- Born: 1970 (age 55–56) Tokyo, Japan
- Education: Rikkyo University
- Known for: Installation art, Multi-media art, Sculpture, Graphic Design
- Website: http://www.eijisumi.com/

= Eiji Sumi =

Japanese artist (born 1970)

Eiji Sumi (隅 英二; born 1970) is a Japanese artist based in Bangkok, Thailand since 2012. Born in Tokyo, he lived New York from 1993 to 2012. He is most widely known for his installation art projects, such as Densen/Plus "a mixed-media exhibition that aimed to raise awareness of the need to put power cables underground, and QUARK, a science art project inspired by the way highly reflective powder material looks when caught in light that visualize aero dynamics and fluid dynamics and was described as "mesmerizing" and "enchanting" by the Bangkok Post. His polycarbonate origami sculpture, Sinusold, was a finalist in The Sovereign Asian Art Prize for 2016.

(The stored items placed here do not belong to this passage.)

lemma center_subset_lower_central_4: "group_center G \<subseteq> lower_central G 4"
proof
  fix z assume z: "z \<in> group_center G"
  have "z \<in> lower_central G 3" using center_subset_lower_central_3 z by blast
  then obtain i j h
    where h: "h \<in> lower_central G 4" and z_eq: "z = aba [^] (i::nat) \<otimes> (abb [^] (j::nat) \<otimes> h)"
    by (rule lower_central_3_decomp)
  have rel_a: "abaa [^] i \<otimes> abab [^] j = \<one>"
    using commutator_lower_central_3_decomp[OF h a_closed] commutator_center_left[OF z a_closed]
    by (simp add: z_eq abba_eq)
  have rel_b: "abab [^] i \<otimes> abbb [^] j = \<one>"
    using commutator_lower_central_3_decomp[OF h b_closed] commutator_center_left[OF z b_closed]
    by (simp add: z_eq)
  have "p dvd i \<and> p dvd j"
  proof (rule ccontr)
    assume "\<not> (p dvd i \<and> p dvd j)"
    moreover have "abaa \<in> lower_central G 2" "abab \<in> lower_central G 2" "abbb \<in> lower_central G 2"
      using abaa_mem abab_mem abbb_mem lower_central_antimono[of 2 4] by auto
    ultimately obtain t where t: "t \<in> lower_central G 2" "{abaa, abab, abbb} \<subseteq> generate G {t}"
      using elementary.cyclic_span_of_symmetric_relation rel_a rel_b by blast
    have "generate G {abaa, abab, abbb} \<subseteq> generate G {t}"
      using t lower_central_subset_carrier
      by (intro generate_subgroup_incl generate_is_subgroup) auto
    then show False using lower_central_4_subset lower_central_4_not_cyclic[OF t(1)] by blast
  qed
  then have "aba [^] i = \<one>" "abb [^] j = \<one>"
    using elementary.pow_mod aba_mem abb_mem lower_central_antimono[of 2 3] by auto
  moreover have "h \<in> carrier G" using h lower_central_subset_carrier by blast
  ultimately show "z \<in> lower_central G 4" using z_eq h by simp
qed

He has held numerous exhibitions internationally, and has been curated by Eric Shiner, Vice President at Sotheby's New York and previously director of the Andy Warhol Museum, and Helen Wu, the producer and co-curator of Paper Rain Parade seen in Art Basel Hong Kong.

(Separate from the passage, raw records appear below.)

(* Let $\varphi:\mathbb{R}^n\to\mathbb{R}$ be continuously differentiable with $\nabla\varphi$ Lipschitz continuous around $x\in\mathbb{R}^n$. Suppose $\nabla\varphi(x)\neq0$ and that $\partial^2\varphi(x)$ is positive-definite, i.e. $\langle z,u\rangle>0$ for all $u\neq0$ and all $z\in\partial^2\varphi(x)(u)$. Then there exists a nonzero $d\in\mathbb{R}^n$ with $-\nabla\varphi(x)\in\partial^2\varphi(x)(d)$. Moreover, every such $d$ satisfies $\langle\nabla\varphi(x),d\rangle<0$. Consequently, for each $\sigma\in(0,1)$ and each $d$ with $-\nabla\varphi(x)\in\partial^2\varphi(x)(d)$ there is $\delta>0$ such that $\varphi(x+\tau d)\le\varphi(x)+\sigma\tau\langle\nabla\varphi(x),d\rangle$ for all $\tau\in(0,\delta)$.
   Context: Regular normal cone: $\widehat N_\Omega(\bar z):=\{v\mid \limsup_{z\to\bar z,\,z\in\Omega}\langle v,z-\bar z\rangle/\|z-\bar z\|\le 0\}$; limiting normal cone $N_\Omega(\bar z)$: all $v$ such that there are $z_k\to\bar z$, $z_k\in\Omega$, $v_k\to v$, $v_k\in\widehat N_\Omega(z_k)$. Coderivative of $F:\mathbb{R}^n\rightrightarrows\mathbb{R}^m$: $D^*F(\bar x,\bar y)(v):=\{u\mid (u,-v)\in N_{\operatorname{gph}F}(\bar x,\bar y)\}$. Second-order subdifferential: $\partial^2\varphi(x)(u):=D^*(\nabla\varphi)(x,\nabla\varphi(x))(u)$. *)

theory Defs
  imports "HOL-Analysis.Analysis" "HOL-Library.Liminf_Limsup"
begin

definition regular_normal_cone :: "'a::euclidean_space set \<Rightarrow> 'a \<Rightarrow> 'a set" where
  "regular_normal_cone \<Omega> zb =
     {v. zb \<in> \<Omega> \<and>
         Limsup (at zb within \<Omega>) (\<lambda>z. ereal (inner v (z - zb) / norm (z - zb))) \<le> 0}"

definition limiting_normal_cone :: "'a::euclidean_space set \<Rightarrow> 'a \<Rightarrow> 'a set" where
  "limiting_normal_cone \<Omega> zb =
     {v. \<exists>z vs. (\<forall>k. z k \<in> \<Omega>) \<and> z \<longlonglongrightarrow> zb \<and> vs \<longlonglongrightarrow> v \<and>
                (\<forall>k. vs k \<in> regular_normal_cone \<Omega> (z k))}"

definition graph_of :: "('a \<Rightarrow> 'b set) \<Rightarrow> ('a \<times> 'b) set" where
  "graph_of F = {(x, y). y \<in> F x}"

definition coderivative ::
  "('a::euclidean_space \<Rightarrow> 'b::euclidean_space set) \<Rightarrow> 'a \<Rightarrow> 'b \<Rightarrow> 'b \<Rightarrow> 'a set" where
  "coderivative F xb yb v = {u. (u, - v) \<in> limiting_normal_cone (graph_of F) (xb, yb)}"

text \<open>Second-order subdifferential of a C^1 function, given through its gradient map g.\<close>
definition second_order_subdiff :: "('a::euclidean_space \<Rightarrow> 'a) \<Rightarrow> 'a \<Rightarrow> 'a \<Rightarrow> 'a set" where
  "second_order_subdiff g x u = coderivative (\<lambda>y. {g y}) x (g x) u"

end

(*
  Positive-definiteness of the second-order subdifferential forces the gradient map g to be
  strongly subregular at x, i.e. c |y - x| <= |g y - g x| near x.  Otherwise there are unit
  directions e along which g barely moves; minimising <e, g y> plus a quadratic penalty tilted
  along e over a small half-ball gives an interior minimiser, hence a regular normal (z, -e) to
  the graph with <z, e> small, and a limit of these contradicts positive-definiteness.

  Under subregularity, minimisers of -<w, y - x> + k/2 |g y - g x|^2 over a small ball tend to x
  as k grows, and their regular normals (w, -k (g y - g x)) stay bounded by the Lipschitz
  constant; a limit point shows that every w lies in the range of the coderivative.  For
  w = -g x this is the Newton direction d, which is nonzero because the coderivative of a
  Lipschitz map vanishes at 0, is a descent direction by positive-definiteness, and therefore
  satisfies the Armijo condition.
*)
theory Submission
  imports Defs
begin

lemma mem_graph_of_singleton_iff: "(y, v) \<in> graph_of (\<lambda>y. {g y}) \<longleftrightarrow> v = g y"
  by (simp add: graph_of_def)

lemma mem_second_order_subdiff_iff:
  "z \<in> second_order_subdiff g x u \<longleftrightarrow>
     (z, - u) \<in> limiting_normal_cone (graph_of (\<lambda>y. {g y})) (x, g x)"
  by (simp add: second_order_subdiff_def coderivative_def)

lemma regular_normal_coneD:
  assumes "v \<in> regular_normal_cone \<Omega> zb" "\<epsilon> > 0"
  obtains \<delta> where "\<delta> > 0"
    "\<And>z. z \<in> \<Omega> \<Longrightarrow> z \<noteq> zb \<Longrightarrow> dist z zb < \<delta> \<Longrightarrow> inner v (z - zb) \<le> \<epsilon> * norm (z - zb)"
proof -
  have "Limsup (at zb within \<Omega>) (\<lambda>z. ereal (inner v (z - zb) / norm (z - zb))) < ereal \<epsilon>"
    using assms unfolding regular_normal_cone_def by (auto intro: le_less_trans)
  then have "\<forall>\<^sub>F z in at zb within \<Omega>. inner v (z - zb) / norm (z - zb) < \<epsilon>"
    by (rule eventually_mono[OF Limsup_lessD]) simp
  then obtain \<delta> where "\<delta> > 0"
    and \<delta>: "\<And>z. z \<in> \<Omega> \<Longrightarrow> z \<noteq> zb \<Longrightarrow> dist z zb < \<delta> \<Longrightarrow> inner v (z - zb) / norm (z - zb) < \<epsilon>"
    unfolding eventually_at by blast
  show thesis
    by (rule that[OF \<open>\<delta> > 0\<close>]) (use \<delta> in \<open>fastforce simp: divide_less_eq mult.commute\<close>)
qed

lemma regular_normal_coneI_proximal:
  assumes "zb \<in> \<Omega>" "\<delta> > 0"
    and proximal: "\<And>z. z \<in> \<Omega> \<Longrightarrow> dist z zb < \<delta> \<Longrightarrow> inner v (z - zb) \<le> C * (norm (z - zb))\<^sup>2"
  shows "v \<in> regular_normal_cone \<Omega> zb"
proof -
  have bound: "\<forall>\<^sub>F z in at zb within \<Omega>. inner v (z - zb) / norm (z - zb) \<le> \<bar>C\<bar> * norm (z - zb)"
    unfolding eventually_at
  proof (intro exI conjI ballI impI)
    fix z assume "z \<in> \<Omega>" "z \<noteq> zb \<and> dist z zb < \<delta>"
    then have "inner v (z - zb) \<le> \<bar>C\<bar> * (norm (z - zb))\<^sup>2" "norm (z - zb) > 0"
      using proximal[of z] abs_ge_self[of C] by (auto intro: order_trans mult_right_mono)
    then show "inner v (z - zb) / norm (z - zb) \<le> \<bar>C\<bar> * norm (z - zb)"
      by (simp add: divide_le_eq power2_eq_square mult.assoc)
  qed (fact \<open>\<delta> > 0\<close>)
  have lim: "((\<lambda>z. \<bar>C\<bar> * norm (z - zb)) \<longlongrightarrow> 0) (at zb within \<Omega>)"
    by (auto intro!: tendsto_eq_intros)
  have small: "\<forall>\<^sub>F z in at zb within \<Omega>. inner v (z - zb) / norm (z - zb) < r" if "r > 0" for r
    using order_tendstoD(2)[OF lim that] bound by eventually_elim auto
  then have "Limsup (at zb within \<Omega>) (\<lambda>z. ereal (inner v (z - zb) / norm (z - zb))) \<le> 0"
    unfolding Limsup_le_iff
  proof (intro allI impI)
    fix y :: ereal assume "y > 0"
    then obtain r where "0 < ereal r" "ereal r < y" using ereal_dense2 by blast
    then show "\<forall>\<^sub>F z in at zb within \<Omega>. y > ereal (inner v (z - zb) / norm (z - zb))"
      using small[of r] by (auto elim!: eventually_mono intro: less_trans[of _ "ereal r"])
  qed
  then show ?thesis using \<open>zb \<in> \<Omega>\<close> unfolding regular_normal_cone_def by auto
qed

In addition to his art works he also is a full-time lecturer in the Communication Design program at Chulalongkorn University.

==Background==
Eiji was born in Tokyo. After moving to New York City in 1993 he transformed his career in fine art to include design, multimedia and installation. While there he gained attention for a variety of project and worked as an artist assistant to Italian master painter Stefano Castronovo.

==Inspiration and style==
His varied works have been described to "often feature elaborate structures and new spatial experiences, using light as his principal medium." He has named Joseph Beuys, James Turrell and Eva Hesse among the artists that inspire him.

==Body of work==
===Land[e]scape Exhibition===
In 2007, he participated in the Land[e]scape Exhibition at the Onishi Gallery in New York City curated by Eric C. Shiner (then director of the Andy Warhol Gallery). The work he exhibited consisted of "incredibly complex scenes of actual places he has visited in cities around the world, including New York and Amsterdam, in one long connected line, an effect that gives the images a tension-ridden feeling of instability in excess".

===Cocoon===
In 2013, Eiji Sumi participated in the Art on Farm series by the Jim Thompson Farm. His work Cocoon was a giant Cocoon, using recycle material of silk floss, and textile and bamboo. The public could enter Cocoon and it was intended to "express the feelings and sensations that human beings would have, if they were smaller than silkworms..." hoping to help "...people to appreciate the things that we have in our life that we do not usually think of or imagine where they come from".

===QUARK===
His installation QUARK, was a site specific work displayed at H Project Space at H Gallery Bangkok and was named after the subatomic particle with the same name.

===Under construction===
In 2013, Eiji held an exhibition called Under Construction at WTF Gallery. It was a mixed-media exhibition inspired by his fascination with construction sites. His aim in the exhibition was described as attempting to "evoke a sensation that sways between gritty dystopia and avant-garde development", and was described as transporting "viewers into a scene hovering between progressive expansion and dystopian decay".